Energy shares up
TORONTO (Bloomberg) — Canadian stocks rose, lifting the main stock benchmark to its seventh record this month, as energy companies including EnCana climbed along with oil prices.BCE gained on a report that there may be another bidder for Canada's biggest phone company. The take-over speculation overshadowed a decline in raw-materials shares as lower gold and copper prices sent companies such as Barrick Gold lower.
The Standard & Poor's/TSX Composite Index gained 75.68, or 0.5 percent, to 14,100.71 in Toronto. The benchmark has risen 9.2 percent this year amid record prices for metals such as nickel and a flurry of take-overs of Canadian companies.
"There's still so much money out there," said David Cockfield, who helps manage $1.1 billion at Leon Frazer & Associates in Toronto. "This market is being powered by money for take-overs. There's rotation out of materials into oils."
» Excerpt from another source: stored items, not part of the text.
(* Let $A$ be a finite alphabet and let $f : A^* \to \mathbb{N}$ be a polyblind function. Then $f$ is $k$-repetitive for every integer $k \ge 1$.
   Context: A bimachine is a tuple $(A, M, \mu, \lambda)$ where $A$ is a finite alphabet, $M$ a finite monoid, $\mu : A^* \to M$ a monoid morphism and $\lambda : M \times A \times M \to \mathbb{N}$; it computes $f(w) = \sum_{i=1}^{|w|} \lambda(\mu(w[1{:}i-1]), w[i], \mu(w[i+1{:}|w|]))$. A function $A^* \to \mathbb{N}$ is regular if it is computed by a bimachine. The polyblind functions are the smallest class of functions $A^* \to \mathbb{N}$ containing the regular functions and closed under sum $f+g$ and Hadamard (pointwise) product $(f \cdot g)(w) = f(w) g(w)$. For $k \ge 1$, a function $f : A^* \to \mathbb{N}$ is $k$-repetitive if there exists an integer $\omega_0 \ge 1$ such that for all words $\alpha, \beta, \alpha_0, u_1, \alpha_1, \dots, u_k, \alpha_k \in A^*$ and every positive multiple $\omega$ of $\omega_0$, setting $W(Z_1,\dots,Z_k) = \alpha_0 \prod_{i=1}^k u_i^{\omega Z_i} \alpha_i$ and $w = W(1,\dots,1)$, there exists a function $F : \mathbb{N}^k \to \mathbb{N}$ such that for all integers $X_1,\dots,X_k,Y_1,\dots,Y_k \ge 3$, $f(\alpha\, w^{2\omega-1} W(X_1,\dots,X_k)\, w^{\omega-1}\, W(Y_1,\dots,Y_k)\, w^{\omega}\, \beta) = F(X_1+Y_1, \dots, X_k+Y_k)$. *)

theory Defs
  imports "HOL-Algebra.Group"
begin

text \<open>Words over the finite alphabet 'a are lists. A finite monoid is represented
  (up to isomorphism) by a HOL-Algebra monoid whose carrier is a finite set of naturals.\<close>

definition bimachine_fun ::
  "(nat, 'b) monoid_scheme \<Rightarrow> ('a list \<Rightarrow> nat) \<Rightarrow> (nat \<Rightarrow> 'a \<Rightarrow> nat \<Rightarrow> nat) \<Rightarrow> 'a list \<Rightarrow> nat" where
  "bimachine_fun M \<mu> lam w = (\<Sum>i<length w. lam (\<mu> (take i w)) (w ! i) (\<mu> (drop (Suc i) w)))"

definition is_bimachine ::
  "(nat, 'b) monoid_scheme \<Rightarrow> ('a list \<Rightarrow> nat) \<Rightarrow> bool" where
  "is_bimachine M \<mu> \<longleftrightarrow> monoid M \<and> finite (carrier M) \<and>
     (\<forall>w. \<mu> w \<in> carrier M) \<and> \<mu> [] = \<one>\<^bsub>M\<^esub> \<and>
     (\<forall>u v. \<mu> (u @ v) = \<mu> u \<otimes>\<^bsub>M\<^esub> \<mu> v)"

definition regular_fun :: "('a::finite list \<Rightarrow> nat) \<Rightarrow> bool" where
  "regular_fun f \<longleftrightarrow> (\<exists>(M :: nat monoid) \<mu> lam. is_bimachine M \<mu> \<and> f = bimachine_fun M \<mu> lam)"

inductive polyblind :: "('a::finite list \<Rightarrow> nat) \<Rightarrow> bool" where
  reg: "regular_fun f \<Longrightarrow> polyblind f"
| sum: "polyblind f \<Longrightarrow> polyblind g \<Longrightarrow> polyblind (\<lambda>w. f w + g w)"
| prod: "polyblind f \<Longrightarrow> polyblind g \<Longrightarrow> polyblind (\<lambda>w. f w * g w)"

definition wpow :: "'a list \<Rightarrow> nat \<Rightarrow> 'a list" where
  "wpow u n = concat (replicate n u)"

text \<open>W(Z_1..Z_k) = alpha_0 prod_{i=1}^k u_i^{omega Z_i} alpha_i, with 0-based lists:
  as = [alpha_0..alpha_k], us = [u_1..u_k], Z = [Z_1..Z_k].\<close>
definition Wword :: "nat \<Rightarrow> 'a list list \<Rightarrow> 'a list list \<Rightarrow> nat \<Rightarrow> nat list \<Rightarrow> 'a list" where
  "Wword k as us \<omega> Z = as ! 0 @ concat (map (\<lambda>i. wpow (us ! i) (\<omega> * Z ! i) @ as ! Suc i) [0..<k])"

definition k_repetitive :: "nat \<Rightarrow> ('a list \<Rightarrow> nat) \<Rightarrow> bool" where
  "k_repetitive k f \<longleftrightarrow> (\<exists>\<omega>0::nat. \<omega>0 \<ge> 1 \<and>
     (\<forall>\<alpha> \<beta> (as :: 'a list list) (us :: 'a list list) (\<omega>::nat).
        length as = k + 1 \<longrightarrow> length us = k \<longrightarrow> \<omega>0 dvd \<omega> \<longrightarrow> \<omega> > 0 \<longrightarrow>
        (let w = Wword k as us \<omega> (replicate k 1) in
         \<exists>F :: nat list \<Rightarrow> nat. \<forall>X Y :: nat list.
           length X = k \<longrightarrow> length Y = k \<longrightarrow> (\<forall>i<k. X ! i \<ge> 3 \<and> Y ! i \<ge> 3) \<longrightarrow>
           f (\<alpha> @ wpow w (2 * \<omega> - 1) @ Wword k as us \<omega> X @ wpow w (\<omega> - 1) @
              Wword k as us \<omega> Y @ wpow w \<omega> @ \<beta>) = F (map2 (+) X Y))))"

end

theory Submission
  imports Defs
begin

(* Pick \<omega> such that \<mu>(u^\<omega>) is idempotent for every word u (possible since the monoid is
   finite). Then \<mu>(W(Z)) is the same for all Z with positive entries, and in
   \<alpha> w^(2\<omega>-1) W(X) w^(\<omega>-1) W(Y) w^\<omega> \<beta> idempotence absorbs the extra copy of w, so the
   bimachine reads the blocks W(X) and W(Y) in the same left and right contexts.
   In a fixed context an idempotent power v^n contributes affinely in n, so each block
   contributes a + \<Sigma> b_i (Z_i - 2) and the whole word evaluates to C + g(X) + g(Y) with
   g affine, a function of X + Y. Such functions are closed under pointwise sums and
   products once \<omega> is a multiple of both exponents. *)

definition idempotent_exponent :: "('a, 'b) monoid_scheme \<Rightarrow> nat \<Rightarrow> bool" where
  "idempotent_exponent G \<omega> \<longleftrightarrow>
     0 < \<omega> \<and> (\<forall>x\<in>carrier G. x [^]\<^bsub>G\<^esub> \<omega> \<otimes>\<^bsub>G\<^esub> x [^]\<^bsub>G\<^esub> \<omega> = x [^]\<^bsub>G\<^esub> \<omega>)"

lemma (in monoid) idempotent_nat_pow:
  assumes "e \<in> carrier G" "e \<otimes> e = e" "0 < n"
  shows "e [^] (n :: nat) = e"
  using assms(3)
proof (induction n)
  case (Suc n)
  then show ?case
    using assms(1,2) by (cases n) auto
qed simp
Crude oil for June delivery rose $2.31, or 3.7 percent, to $64.86 a barrel in New York on speculation that US gasoline supplies won't be adequate to meet demand this summer because refiners are unexpectedly shutting units.
EnCana, Canada's largest natural-gas producer, added C$1.14 to C$67.89. Suncor Energy, the second-biggest oil-sands miner, gained C$2.67, or 2.9 percent, to C$94.87.
A gauge of energy shares climbed 1.6 percent today, the most among 10 industry groups. It's risen 9.9 percent this year.
BCE gained 79 cents to C$37.88. Cerberus Capital Management LP is preparing a bid for BCE, raising the possibility of a three-way battle, the Globe and Mail said, citing people familiar with the matter. Canada Pension Plan Investment Board is leading a group that has said it is interested in bidding, and Ontario Teachers' Pension Plan has also said it may make an offer.
Telus gained C$1.18 to C$63.47 on lingering speculation Canada's number two phone company may team up with buyout firms to bid for BCE or become a take-over target itself. The company rejected offers to join at least two groups considering take-over bids for BCE, the Globe and Mail reported last month, citing unidentified people.
A measure of phone companies, up 1.1 percent today, has climbed 18 percent since March 28, the day before it emerged that BCE had been approached about a sale by US private-equity firm Kohlberg Kravis Roberts & Co.
Proposed take-overs of Canadian companies this year reached a value of $119 billion as of last week, up from $73.1 billion in the same period last year, according to Bloomberg data.